We first considered whether changes in the sample as a whole might have occurred, with particular attention to group differences that might influence our interpretation of the morphological gains. Sample size (number of utterances) did not differ for group or time point, nor was there an interaction between group and time point (all ps > .24). Mean length of utterance, measured in words, also did not differ across groups (Z = 0.50, p = .61). Samples collected at the delayed posttest were significantly longer than samples collected at pretest (Z = 2.58, p = .01), with immediate posttest samples falling in between (Z = 1.48, p = .14). There was no interaction between group and time point (Time2: p = .72, Time3: p = .22), indicating that both groups had similar gains in MLU in words over the 6 months that measurements were taken, something that would be consistent with both general development and participation in focused stimulation.

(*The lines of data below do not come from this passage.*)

lemma cclosed_sequentially_compact:
  fixes s :: "nat \<Rightarrow> int \<Rightarrow> 'a::finite"
  assumes closed: "cclosed X" and s: "\<And>n. s n \<in> X"
  obtains r :: "nat \<Rightarrow> nat" and x where "strict_mono r" "x \<in> X"
    "\<And>N. \<exists>K. \<forall>k\<ge>K. \<forall>j. nat \<bar>j\<bar> \<le> N \<longrightarrow> s (r k) j = x j"
proof -
  define P where "P = (\<lambda>n (r::nat \<Rightarrow> nat). \<forall>k j. nat \<bar>j\<bar> \<le> n \<longrightarrow> s (r k) j = s (r 0) j)"
  interpret ss: subseqs P
  proof
    fix n and r :: "nat \<Rightarrow> nat"
    define g where "g = (\<lambda>k. window (s (r k)) (- int n) (2 * n + 1))"
    have "range g \<subseteq> {w. set w \<subseteq> UNIV \<and> length w = 2 * n + 1}" by (auto simp: g_def)
    moreover have "finite {w. set w \<subseteq> (UNIV :: 'a set) \<and> length w = 2 * n + 1}"
      by (rule finite_lists_length_eq) simp
    ultimately have "finite (range g)" by (rule finite_subset)
    then obtain k0 where "\<not> finite {k \<in> UNIV. g k = g k0}"
      using pigeonhole_infinite[OF infinite_UNIV_nat] by blast
    then obtain r' :: "nat \<Rightarrow> nat" where r': "strict_mono r'" "\<forall>k. r' k \<in> {k \<in> UNIV. g k = g k0}"
      using infinite_enumerate by blast
    have "P n (r \<circ> r')"
      unfolding P_def
    proof (intro allI impI)
      fix k j assume j: "nat \<bar>j\<bar> \<le> n"
      define t where "t = nat (j + int n)"
      have t: "t < 2 * n + 1" "- int n + int t = j" using j by (auto simp: t_def)
      have "g (r' k) ! t = g (r' 0) ! t" using r'(2) by simp
      then show "s ((r \<circ> r') k) j = s ((r \<circ> r') 0) j" using t by (simp add: g_def)
    qed
    then show "\<exists>r'. strict_mono r' \<and> P n (r \<circ> r')" using r'(1) by blast
  qed
  define d where "d = ss.diagseq"
  have holds: "P n (d \<circ> (+) (Suc n))" for n
    unfolding d_def
  proof (rule ss.diagseq_holds)
    fix r r' :: "nat \<Rightarrow> nat" and n assume "P n r"
    then show "P n (r \<circ> r')"
      unfolding P_def comp_def
    proof (intro allI impI)
      fix k j assume "\<forall>k j. nat \<bar>j\<bar> \<le> n \<longrightarrow> s (r k) j = s (r 0) j" and "nat \<bar>j\<bar> \<le> n"
      then have "s (r (r' k)) j = s (r 0) j" "s (r (r' 0)) j = s (r 0) j" by blast+
      then show "s (r (r' k)) j = s (r (r' 0)) j" by simp
    qed
  qed
  define x where "x = (\<lambda>j. s (d (Suc (nat \<bar>j\<bar>))) j)"
  have conv: "s (d k) j = x j" if le: "Suc (nat \<bar>j\<bar>) \<le> k" for k j
  proof -
    obtain k' where k': "k = Suc (nat \<bar>j\<bar>) + k'" using le_Suc_ex[OF le] by blast
    have "s ((d \<circ> (+) (Suc (nat \<bar>j\<bar>))) k') j = s ((d \<circ> (+) (Suc (nat \<bar>j\<bar>))) 0) j"
      using holds[of "nat \<bar>j\<bar>"] unfolding P_def by blast
    then show ?thesis by (simp add: k' x_def)
  qed
  have "\<forall>e>0. \<exists>y\<in>X. cdist x y < e"
  proof (intro allI impI)
    fix e :: real assume "0 < e"
    then obtain N where N: "(1/2) ^ N < e" using ex_half_power_less by blast
    have "cdist x (s (d (Suc N))) < (1/2) ^ N"
      unfolding cdist_less_half_power_iff using conv by simp
    then have "cdist x (s (d (Suc N))) < e" using N by linarith
    then show "\<exists>y\<in>X. cdist x y < e" using s by blast
  qed
  then have "x \<in> X" using closed unfolding cclosed_def by blast
  have "strict_mono d" unfolding d_def by (rule ss.subseq_diagseq)
  moreover note \<open>x \<in> X\<close>
  moreover have "\<exists>K. \<forall>k\<ge>K. \<forall>j. nat \<bar>j\<bar> \<le> N \<longrightarrow> s (d k) j = x j" for N
    using conv by (intro exI[of _ "Suc N"]) auto
  ultimately show ?thesis by (rule that)
qed
definition verts :: "'v graph \<Rightarrow> 'v set" where "verts G = fst G"
definition adj :: "'v graph \<Rightarrow> 'v \<Rightarrow> 'v \<Rightarrow> bool" where "adj G = snd G"

definition simple_graph :: "'v graph \<Rightarrow> bool" where
  "simple_graph G \<longleftrightarrow> finite (verts G) \<and>
     (\<forall>u v. adj G u v \<longrightarrow> u \<in> verts G \<and> v \<in> verts G) \<and>
     (\<forall>u v. adj G u v \<longrightarrow> adj G v u) \<and> (\<forall>u. \<not> adj G u u)"

definition neighbours :: "'v graph \<Rightarrow> 'v \<Rightarrow> 'v set" where
  "neighbours G v = {u \<in> verts G. adj G v u}"

definition degree :: "'v graph \<Rightarrow> 'v \<Rightarrow> nat" where
  "degree G v = card (neighbours G v)"

definition subgraph_of :: "'v graph \<Rightarrow> 'w graph \<Rightarrow> bool" where
  "subgraph_of G G' \<longleftrightarrow> (\<exists>f. inj_on f (verts G) \<and> f ` verts G \<subseteq> verts G' \<and>
     (\<forall>u\<in>verts G. \<forall>v\<in>verts G. adj G u v \<longrightarrow> adj G' (f u) (f v)))"

definition complete_graph :: "nat \<Rightarrow> nat graph" where
  "complete_graph n = ({0..<n}, \<lambda>i j. i < n \<and> j < n \<and> i \<noteq> j)"
definition path_graph :: "nat \<Rightarrow> nat graph" where
  "path_graph n = ({0..<n}, \<lambda>i j. i < n \<and> j < n \<and> (j = i + 1 \<or> i = j + 1))"
definition edgeless_graph :: "nat \<Rightarrow> nat graph" where
  "edgeless_graph n = ({0..<n}, \<lambda>i j. False)"

definition disj_union :: "'v graph \<Rightarrow> 'w graph \<Rightarrow> ('v + 'w) graph" where
  "disj_union G H = (verts G <+> verts H,
     \<lambda>x y. case (x, y) of (Inl a, Inl b) \<Rightarrow> adj G a b
                       | (Inr a, Inr b) \<Rightarrow> adj H a b
                       | _ \<Rightarrow> False)"
definition graph_join :: "'v graph \<Rightarrow> 'w graph \<Rightarrow> ('v + 'w) graph" where
  "graph_join G H = (verts G <+> verts H,
     \<lambda>x y. case (x, y) of (Inl a, Inl b) \<Rightarrow> adj G a b
                       | (Inr a, Inr b) \<Rightarrow> adj H a b
                       | (Inl a, Inr b) \<Rightarrow> a \<in> verts G \<and> b \<in> verts H
                       | (Inr a, Inl b) \<Rightarrow> a \<in> verts H \<and> b \<in> verts G)"

definition free_of :: "'w graph \<Rightarrow> 'v graph \<Rightarrow> bool" where
  "free_of F G \<longleftrightarrow> \<not> subgraph_of F G"
(* Let $T$ be a strongly dependent complete theory. Let $I=(a_i:i\in[0,1])$ be an indiscernible segment, and let $\phi(x,y)$ be a formula with parameters from $\bar M$ such that $\mu_I(\phi(x,b))=0$ for all $b\in\bar M$. Then there is $k<\omega$ such that $\{\phi(a_i,y):i\in[0,1]\}$ is $k$-inconsistent (every subset of size $k$ is inconsistent).
   Context: Work in a monster model $\bar M$ of $T$. $T$ is strongly dependent if there do NOT exist $L$-formulas $\phi^\alpha(x,y^\alpha)$ ($\alpha<\omega$) and tuples $b^\alpha_i$ ($\alpha,i<\omega$) such that for every $\eta\in\omega^\omega$ the set $\{\phi^\alpha(x,b^\alpha_{\eta(\alpha)}):\alpha<\omega\}\cup\{\neg\phi^\alpha(x,b^\alpha_i):\alpha,i<\omega,\ i\neq\eta(\alpha)\}$ is consistent (this implies NIP). An indiscernible segment is a family $I=(a_i:i\in[0,1])$ indiscernible with respect to the usual order on $[0,1]$. Its global average measure $\mu_I$ is the Keisler measure over $\bar M$ assigning to a formula $\psi(x)$ over $\bar M$ the Lebesgue measure of $\{i\in[0,1]:\models\psi(a_i)\}$. *)

theory Defs
  imports "HOL-Analysis.Analysis"
begin

text \<open>Symbols carry no fixed arity (equivalently: the
language has one symbol for each pair (symbol, arity)).\<close>

datatype 'f trm = Var nat | Fn 'f "'f trm list"

datatype ('f, 'r) fm =
    FEq "'f trm" "'f trm"
  | FRel 'r "'f trm list"
  | FNeg "('f, 'r) fm"
  | FConj "('f, 'r) fm" "('f, 'r) fm"
  | FEx nat "('f, 'r) fm"

record ('a, 'f, 'r) struct =
  carr :: "'a set"
  fint :: "'f \<Rightarrow> 'a list \<Rightarrow> 'a"
  rint :: "'r \<Rightarrow> 'a list \<Rightarrow> bool"

definition wf_struct :: "('a, 'f, 'r) struct \<Rightarrow> bool" where
  "wf_struct M \<longleftrightarrow> carr M \<noteq> {} \<and>
     (\<forall>f as. set as \<subseteq> carr M \<longrightarrow> fint M f as \<in> carr M)"

fun fv_trm :: "'f trm \<Rightarrow> nat set" where
  "fv_trm (Var i) = {i}"
| "fv_trm (Fn f ts) = (\<Union>t\<in>set ts. fv_trm t)"

fun fv :: "('f, 'r) fm \<Rightarrow> nat set" where
  "fv (FEq s t) = fv_trm s \<union> fv_trm t"
| "fv (FRel r ts) = (\<Union>t\<in>set ts. fv_trm t)"
| "fv (FNeg p) = fv p"
| "fv (FConj p q) = fv p \<union> fv q"
| "fv (FEx i p) = fv p - {i}"

fun eval :: "('a, 'f, 'r) struct \<Rightarrow> (nat \<Rightarrow> 'a) \<Rightarrow> 'f trm \<Rightarrow> 'a" where
  "eval M s (Var i) = s i"
| "eval M s (Fn f ts) = fint M f (map (eval M s) ts)"

fun holds :: "('a, 'f, 'r) struct \<Rightarrow> (nat \<Rightarrow> 'a) \<Rightarrow> ('f, 'r) fm \<Rightarrow> bool" where
  "holds M s (FEq t u) = (eval M s t = eval M s u)"
| "holds M s (FRel r ts) = rint M r (map (eval M s) ts)"
| "holds M s (FNeg p) = (\<not> holds M s p)"
| "holds M s (FConj p q) = (holds M s p \<and> holds M s q)"
| "holds M s (FEx i p) = (\<exists>a\<in>carr M. holds M (s(i := a)) p)"

text \<open>Assignment given by a tuple: variable j gets the j-th entry (unused variables
get an arbitrary element of the universe).  "sat M phi l" means that
phi(l_0, ..., l_{k-1}) holds in M.\<close>

definition asg :: "('a, 'f, 'r) struct \<Rightarrow> 'a list \<Rightarrow> nat \<Rightarrow> 'a" where
  "asg M l = (\<lambda>j. if j < length l then l ! j else (SOME a. a \<in> carr M))"

definition sat :: "('a, 'f, 'r) struct \<Rightarrow> ('f, 'r) fm \<Rightarrow> 'a list \<Rightarrow> bool" where
  "sat M phi l \<longleftrightarrow> holds M (asg M l) phi"

definition tuple_in :: "('a, 'f, 'r) struct \<Rightarrow> nat \<Rightarrow> 'a list \<Rightarrow> bool" where
  "tuple_in M n l \<longleftrightarrow> length l = n \<and> set l \<subseteq> carr M"

text \<open>A partial type in an n-tuple of variables x with parameters is a set of pairs
(psi, c): psi has x as its variables 0..<n and the parameter places n..<n+|c|,
which are filled by the tuple c of elements of M.  Consistency (with the
elementary diagram of M) = finite satisfiability in M.\<close>

definition fin_sat :: "('a, 'f, 'r) struct \<Rightarrow> nat \<Rightarrow> (('f, 'r) fm \<times> 'a list) set \<Rightarrow> bool" where
  "fin_sat M n p \<longleftrightarrow> (\<forall>F. finite F \<and> F \<subseteq> p \<longrightarrow>
      (\<exists>a. tuple_in M n a \<and> (\<forall>(psi, c)\<in>F. sat M psi (a @ c))))"

definition realized :: "('a, 'f, 'r) struct \<Rightarrow> nat \<Rightarrow> (('f, 'r) fm \<times> 'a list) set \<Rightarrow> bool" where
  "realized M n p \<longleftrightarrow> (\<exists>a. tuple_in M n a \<and> (\<forall>(psi, c)\<in>p. sat M psi (a @ c)))"

text \<open>|A| < |B| expressed as: there is no injection of B into A.\<close>
definition smaller :: "'b set \<Rightarrow> 'a set \<Rightarrow> bool" where
  "smaller A B \<longleftrightarrow> \<not> (\<exists>f. inj_on f B \<and> f ` B \<subseteq> A)"

definition saturated :: "('a, 'f, 'r) struct \<Rightarrow> bool" where
  "saturated M \<longleftrightarrow> (\<forall>n p. smaller (\<Union>(psi, c)\<in>p. set c) (carr M)
        \<and> (\<forall>(psi, c)\<in>p. set c \<subseteq> carr M) \<and> fin_sat M n p \<longrightarrow> realized M n p)"

definition monster :: "('a, 'f, 'r) struct \<Rightarrow> bool" where
  "monster M \<longleftrightarrow> wf_struct M \<and> saturated M \<and>
     smaller (UNIV :: real set) (carr M) \<and> smaller (UNIV :: ('f, 'r) fm set) (carr M)"

text \<open>phi alpha (x, y^alpha) with |x| = n, |y^alpha| = m alpha, x = variables 0..<n,
y^alpha = variables n..<n + m alpha, no parameters.\<close>
definition strongly_dependent :: "('a, 'f, 'r) struct \<Rightarrow> bool" where
  "strongly_dependent M \<longleftrightarrow> \<not> (\<exists>(n::nat) (phi :: nat \<Rightarrow> ('f, 'r) fm) (m :: nat \<Rightarrow> nat)
       (b :: nat \<Rightarrow> nat \<Rightarrow> 'a list).
     (\<forall>\<alpha>. fv (phi \<alpha>) \<subseteq> {..<n + m \<alpha>}) \<and>
     (\<forall>\<alpha> i. tuple_in M (m \<alpha>) (b \<alpha> i)) \<and>
     (\<forall>\<eta> :: nat \<Rightarrow> nat. fin_sat M n
        ({(phi \<alpha>, b \<alpha> (\<eta> \<alpha>)) | \<alpha>. True} \<union>
         {(FNeg (phi \<alpha>), b \<alpha> i) | \<alpha> i. i \<noteq> \<eta> \<alpha>})))"

definition indisc_segment :: "('a, 'f, 'r) struct \<Rightarrow> nat \<Rightarrow> (real \<Rightarrow> 'a list) \<Rightarrow> bool" where
  "indisc_segment M n I \<longleftrightarrow>
     (\<forall>i\<in>{0..1}. tuple_in M n (I i)) \<and>
     (\<forall>(psi :: ('f, 'r) fm) is js. fv psi \<subseteq> {..<length is * n} \<and>
        length is = length js \<and>
        sorted_wrt (<) is \<and> sorted_wrt (<) js \<and>
        set is \<subseteq> {0..1} \<and> set js \<subseteq> {0..1} \<longrightarrow>
        (sat M psi (concat (map I is)) \<longleftrightarrow> sat M psi (concat (map I js))))"

definition avg_measure :: "('a, 'f, 'r) struct \<Rightarrow> (real \<Rightarrow> 'a list) \<Rightarrow> ('f, 'r) fm \<Rightarrow> 'a list \<Rightarrow> real" where
  "avg_measure M I psi c = measure lebesgue {i \<in> {0..1}. sat M psi (I i @ c)}"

Next, we considered whether the likelihood of producing past tense –ed, the targeted morpheme, was predicted by group and time point. Accuracy at each time point is shown in Table 4. Although there were no main effects for group (Z = 0.192, p = .85) or time point (immediate post: Z = 1.51, p = .13; delayed post: Z = 1.50, p = .13), there was an interaction between group and time (immediate post: Z = 3.77, p < .0002; delayed post: Z = 5.98, p < .0001). This interaction indicates that children in the hard first condition were more likely to produce regular past tense –ed correctly at the immediate and delayed post measurement points than were the children enrolled in the easy first condition. Shifting the reference value for time point allows direct examination of possible gains between immediate and delayed post time points also and revealed that the hard first group, but not the easy first group, demonstrated continued growth in past tense accuracy in language samples (Z = 2.19, p = .03) after the conclusion of treatment, as illustrated in Figure 2 and Table 4. The regression model is shown in Table 6.

Figure 2.

Figure 2.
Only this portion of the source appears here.